_What to produce:_ For the entries below, report every line that includes the word "moreover".

[Opening Record set section]

lemma inf_frac_lap_le_of_increment_bound_nonflat:
  fixes f g :: "real^'n \<Rightarrow> real" and B :: "real \<Rightarrow> real"
  assumes f: "frac_lap_admissible \<alpha> r K L f x" and g: "frac_lap_admissible \<alpha> r K L g y"
    and s: "s < 1" and \<alpha>: "0 \<le> \<alpha>" "\<alpha> < 2 * s" and r: "0 < r" and KL: "0 \<le> K" "0 \<le> L"
    and grad: "grad_at f x = grad_at g y"
    and incr: "\<And>e t. norm e = 1 \<Longrightarrow> 0 < t \<Longrightarrow>
      ((f (x + t *\<^sub>R e) - f x) - (g (y + t *\<^sub>R e) - g y)) / t powr (1 + 2 * s) \<le> B t"
    and B: "B integrable_on {0<..}"
    and nonflat: "grad_at f x \<noteq> 0"
  shows "inf_frac_lap s f x \<le> inf_frac_lap s g y + 2 * integral {0<..} B"
proof -
  define v where "v = grad_at f x /\<^sub>R norm (grad_at f x)"
  have v: "norm v = 1" "norm (- v) = 1"
    using nonflat by (simp_all add: v_def)
  define F where "F t = (f (x + t *\<^sub>R v) + f (x - t *\<^sub>R v) - 2 * f x) / t powr (1 + 2 * s)" for t
  define G where "G t = (g (y + t *\<^sub>R v) + g (y - t *\<^sub>R v) - 2 * g y) / t powr (1 + 2 * s)" for t
  have lap: "inf_frac_lap s f x = integral {0<..} F" "inf_frac_lap s g y = integral {0<..} G"
    unfolding inf_frac_lap_def Let_def grad[symmetric] v_def[symmetric] using nonflat
    by (simp_all add: F_def[abs_def] G_def[abs_def])
  have int: "F integrable_on {0<..}" "G integrable_on {0<..}"
    unfolding F_def G_def using s \<alpha> r KL v(1)
    by (auto intro: frac_lap_admissible_integrable_second_difference[OF f]
        frac_lap_admissible_integrable_second_difference[OF g])
  have "integral {0<..} F - integral {0<..} G = integral {0<..} (\<lambda>t. F t - G t)"
    using int by (simp add: integral_diff)
  also have "\<dots> \<le> integral {0<..} (\<lambda>t. 2 * B t)"
  proof (rule integral_le)
    fix t :: real
    assume "t \<in> {0<..}"
    then have "F t - G t = ((f (x + t *\<^sub>R v) - f x) - (g (y + t *\<^sub>R v) - g y)) / t powr (1 + 2 * s)
        + ((f (x + t *\<^sub>R - v) - f x) - (g (y + t *\<^sub>R - v) - g y)) / t powr (1 + 2 * s)"
      by (simp add: F_def G_def diff_divide_distrib[symmetric] add_divide_distrib[symmetric] algebra_simps)
    also have "\<dots> \<le> 2 * B t"
      using incr[OF v(1)] incr[OF v(2)] \<open>t \<in> {0<..}\<close> by fastforce
    finally show "F t - G t \<le> 2 * B t" .
  qed (use int B in \<open>auto intro: integrable_diff\<close>)
  finally show ?thesis
    using lap B by simp
qed

lemma inf_frac_lap_le_of_increment_bound_flat:
  fixes f g :: "real^'n \<Rightarrow> real" and B :: "real \<Rightarrow> real"
  assumes f: "frac_lap_admissible \<alpha> r K L f x" and g: "frac_lap_admissible \<alpha> r K L g y"
    and s: "s < 1" and \<alpha>: "0 \<le> \<alpha>" "\<alpha> < 2 * s" and r: "0 < r" and KL: "0 \<le> K" "0 \<le> L"
    and grad: "grad_at f x = grad_at g y"
    and incr: "\<And>e t. norm e = 1 \<Longrightarrow> 0 < t \<Longrightarrow>
      ((f (x + t *\<^sub>R e) - f x) - (g (y + t *\<^sub>R e) - g y)) / t powr (1 + 2 * s) \<le> B t"
    and B: "B integrable_on {0<..}"
    and flat: "grad_at f x = 0"
  shows "inf_frac_lap s f x \<le> inf_frac_lap s g y + 2 * integral {0<..} B"
proof -
  define I where "I h z e = integral {0<..} (\<lambda>t. (h (z + t *\<^sub>R e) - h z) / t powr (1 + 2 * s))"
    for h :: "real^'n \<Rightarrow> real" and z e
  have lap: "inf_frac_lap s f x = (SUP e\<in>sphere 0 1. I f x e) + (INF e\<in>sphere 0 1. I f x (- e))"
    "inf_frac_lap s g y = (SUP e\<in>sphere 0 1. I g y e) + (INF e\<in>sphere 0 1. I g y (- e))"
    using flat grad by (simp_all add: inf_frac_lap_def I_def)
  define D where "D = K * (r powr (2 - 2 * s) / (2 - 2 * s)) + L * (r powr (\<alpha> - 2 * s) / (2 * s - \<alpha>))"
  note int_f = frac_lap_admissible_integrable_increment[OF f flat s \<alpha> r KL]
  note int_g = frac_lap_admissible_integrable_increment[OF g flat[unfolded grad] s \<alpha> r KL]
  have le: "I f x e \<le> I g y e + integral {0<..} B" if e: "norm e = 1" for e
  proof -
    have "I f x e - I g y e = integral {0<..} (\<lambda>t. (f (x + t *\<^sub>R e) - f x) / t powr (1 + 2 * s)
        - (g (y + t *\<^sub>R e) - g y) / t powr (1 + 2 * s))"
      unfolding I_def using int_f(1)[OF e] int_g(1)[OF e] by (simp add: integral_diff)
    also have "\<dots> \<le> integral {0<..} B"
      using integrable_diff[OF int_f(1)[OF e] int_g(1)[OF e]] B incr[OF e]
      by (intro integral_le) (auto simp: diff_divide_distrib)
    finally show ?thesis
      by simp
  qed
  have "sphere (0::real^'n) 1 \<noteq> {}"
    using vector_choose_size[of 1] by fastforce
  moreover have "bdd_above ((I g y) ` sphere 0 1)"
    using int_g(2) by (auto intro!: bdd_aboveI[of _ D] simp: I_def D_def abs_le_iff)
  moreover have "- D \<le> I f x (- e)" if "norm e = 1" for e
    using int_f(2)[of "- e"] that by (simp add: I_def D_def abs_le_iff)
  then have "bdd_below ((\<lambda>e. I f x (- e)) ` sphere 0 1)"
    by (auto intro!: bdd_belowI[of _ "- D"])
  ultimately show ?thesis
    unfolding lap using le by (intro SUP_add_INF_le) auto
qed

lemma inf_frac_lap_le_of_increment_bound:
  fixes f g :: "real^'n \<Rightarrow> real" and B :: "real \<Rightarrow> real"
  assumes f: "frac_lap_admissible \<alpha> r K L f x" and g: "frac_lap_admissible \<alpha> r K L g y"
    and s: "s < 1" and \<alpha>: "0 \<le> \<alpha>" "\<alpha> < 2 * s" and r: "0 < r" and KL: "0 \<le> K" "0 \<le> L"
    and grad: "grad_at f x = grad_at g y"
    and incr: "\<And>e t. norm e = 1 \<Longrightarrow> 0 < t \<Longrightarrow>
      ((f (x + t *\<^sub>R e) - f x) - (g (y + t *\<^sub>R e) - g y)) / t powr (1 + 2 * s) \<le> B t"
    and B: "B integrable_on {0<..}"
  shows "inf_frac_lap s f x \<le> inf_frac_lap s g y + 2 * integral {0<..} B"
  using inf_frac_lap_le_of_increment_bound_nonflat[OF assms] inf_frac_lap_le_of_increment_bound_flat[OF assms]
  by blast

section \<open>Doubling of variables\<close>

lemma penalized_maximum_exists:
  fixes u w :: "'a::euclidean_space \<Rightarrow> real"
  assumes cont: "continuous_on UNIV u" "continuous_on UNIV w"
    and K: "compact K" "K \<noteq> {}" and \<epsilon>: "0 < \<epsilon>"
  obtains x y where "x \<in> K" "y \<in> K"
    "\<And>p q. p \<in> K \<Longrightarrow> q \<in> K \<Longrightarrow> u p - w q - norm (p - q)^4 / \<epsilon> \<le> u x - w y - norm (x - y)^4 / \<epsilon>"
proof -
  define \<Phi> where "\<Phi> z = u (fst z) - w (snd z) - norm (fst z - snd z)^4 / \<epsilon>" for z :: "'a \<times> 'a"
  have "continuous_on (K \<times> K) \<Phi>"
    unfolding \<Phi>_def using \<epsilon>
    by (intro continuous_intros continuous_on_compose2[OF cont(1)] continuous_on_compose2[OF cont(2)]) auto
  moreover have "K \<times> K \<noteq> {}"
    using K by auto
  ultimately obtain z where z: "z \<in> K \<times> K" "\<And>z'. z' \<in> K \<times> K \<Longrightarrow> \<Phi> z' \<le> \<Phi> z"
    using continuous_attains_sup[OF compact_Times[OF K(1) K(1)]] by blast
  show ?thesis
  proof (rule that)
    show "fst z \<in> K" "snd z \<in> K"
      using z(1) by (auto simp: mem_Times_iff)
    show "u p - w q - norm (p - q)^4 / \<epsilon> \<le> u (fst z) - w (snd z) - norm (fst z - snd z)^4 / \<epsilon>"
      if "p \<in> K" "q \<in> K" for p q
      using z(2)[of "(p, q)"] that by (simp add: \<Phi>_def)
  qed
qed

lemma penalized_maximum:
  fixes u w :: "'a::euclidean_space \<Rightarrow> real"
  assumes cont: "continuous_on UNIV u" "continuous_on UNIV w"
    and K: "compact K" "\<Omega> \<subseteq> K"
    and outside: "\<And>z. z \<notin> \<Omega> \<Longrightarrow> u z \<le> w z"
    and x0: "x0 \<in> \<Omega>" "w x0 < u x0"
  obtains \<epsilon> x y where "0 < \<epsilon>" "x \<in> \<Omega>" "y \<in> \<Omega>"
    "\<And>p q. p \<in> K \<Longrightarrow> q \<in> K \<Longrightarrow> u p - w q - norm (p - q)^4 / \<epsilon> \<le> u x - w y - norm (x - y)^4 / \<epsilon>"
    "\<And>p q. p \<in> K \<Longrightarrow> q \<in> K \<Longrightarrow> p - q = x - y \<Longrightarrow> \<bar>w p - w q\<bar> < (u x0 - w x0) / 2"
proof -
  define M where "M = u x0 - w x0"
  have M: "0 < M"
    using x0 by (simp add: M_def)
  have "bounded ((\<lambda>p. \<bar>u p\<bar> + \<bar>w p\<bar>) ` K)"
    using K cont by (intro compact_imp_bounded compact_continuous_image continuous_intros)
      (auto intro: continuous_on_subset)
  then obtain B where B: "0 < B" "\<And>p. p \<in> K \<Longrightarrow> \<bar>u p\<bar> + \<bar>w p\<bar> \<le> B"
    by (auto simp: bounded_pos)
  obtain \<delta>u where \<delta>u: "0 < \<delta>u" "\<And>p q. p \<in> K \<Longrightarrow> q \<in> K \<Longrightarrow> dist q p < \<delta>u \<Longrightarrow> dist (u q) (u p) < M / 2"
    using compact_uniformly_continuous[OF continuous_on_subset[OF cont(1)] K(1)] M
    unfolding uniformly_continuous_on_def by (metis half_gt_zero subset_UNIV)
  obtain \<delta>w where \<delta>w: "0 < \<delta>w" "\<And>p q. p \<in> K \<Longrightarrow> q \<in> K \<Longrightarrow> dist q p < \<delta>w \<Longrightarrow> dist (w q) (w p) < M / 2"
    using compact_uniformly_continuous[OF continuous_on_subset[OF cont(2)] K(1)] M
    unfolding uniformly_continuous_on_def by (metis half_gt_zero subset_UNIV)
  define \<delta> where "\<delta> = min \<delta>u \<delta>w"
  have \<delta>: "0 < \<delta>"
    using \<delta>u \<delta>w by (simp add: \<delta>_def)
  \<comment> \<open>Since \<open>u x - w y \<le> 2 B\<close>, this choice forces \<open>|x - y| < \<delta>\<close> at the maximum.\<close>
  define \<epsilon> where "\<epsilon> = \<delta>^4 / (4 * B)"
  have \<epsilon>: "0 < \<epsilon>"
    using \<delta> B by (simp add: \<epsilon>_def)
  obtain x y where xy: "x \<in> K" "y \<in> K"
    and max: "\<And>p q. p \<in> K \<Longrightarrow> q \<in> K \<Longrightarrow> u p - w q - norm (p - q)^4 / \<epsilon> \<le> u x - w y - norm (x - y)^4 / \<epsilon>"
    using penalized_maximum_exists[OF cont K(1) _ \<epsilon>] K x0 by blast
  have gap_penalized: "M + norm (x - y)^4 / \<epsilon> \<le> u x - w y"
    using max[of x0 x0] K x0 by (auto simp: M_def)
  have gap: "M \<le> u x - w y"
    using gap_penalized \<epsilon> by (smt (verit) divide_nonneg_pos zero_le_power norm_ge_zero)
  have "norm (x - y)^4 / \<epsilon> \<le> 2 * B"
    using gap_penalized B(2)[OF xy(1)] B(2)[OF xy(2)] M by linarith
  then have "norm (x - y)^4 \<le> \<delta>^4 / 2"
    using \<epsilon> B by (simp add: \<epsilon>_def field_simps)
  moreover have "0 < \<delta>^4"
    using \<delta> by simp
  ultimately have "norm (x - y)^4 < \<delta>^4"
    by linarith
  then have close: "norm (x - y) < \<delta>"
    using \<delta> by (simp add: power_less_imp_less_base)
  have osc: "\<bar>w p - w q\<bar> < M / 2" if "p \<in> K" "q \<in> K" "p - q = x - y" for p q
    using \<delta>w(2)[of q p] that close by (simp add: dist_norm \<delta>_def dist_real_def)
  have "\<bar>u x - u y\<bar> < M / 2"
    using \<delta>u(2)[OF xy(2) xy(1)] close by (simp add: dist_norm \<delta>_def dist_real_def)
  then have y: "y \<in> \<Omega>"
    using outside[of y] gap M by (cases "y \<in> \<Omega>") (auto simp: abs_less_iff)
  have "\<bar>w x - w y\<bar> < M / 2"
    using osc xy by simp
  then have "x \<in> \<Omega>"
    using outside[of x] gap M by (cases "x \<in> \<Omega>") (auto simp: abs_less_iff)
  then show ?thesis
    using that y \<epsilon> max osc by (simp add: M_def)
qed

[Closing Record set section]

_Solved exercise:_
  moreover have "bdd_above ((I g y) ` sphere 0 1)"
  moreover have "- D \<le> I f x (- e)" if "norm e = 1" for e
  moreover have "K \<times> K \<noteq> {}"
  moreover have "0 < \<delta>^4"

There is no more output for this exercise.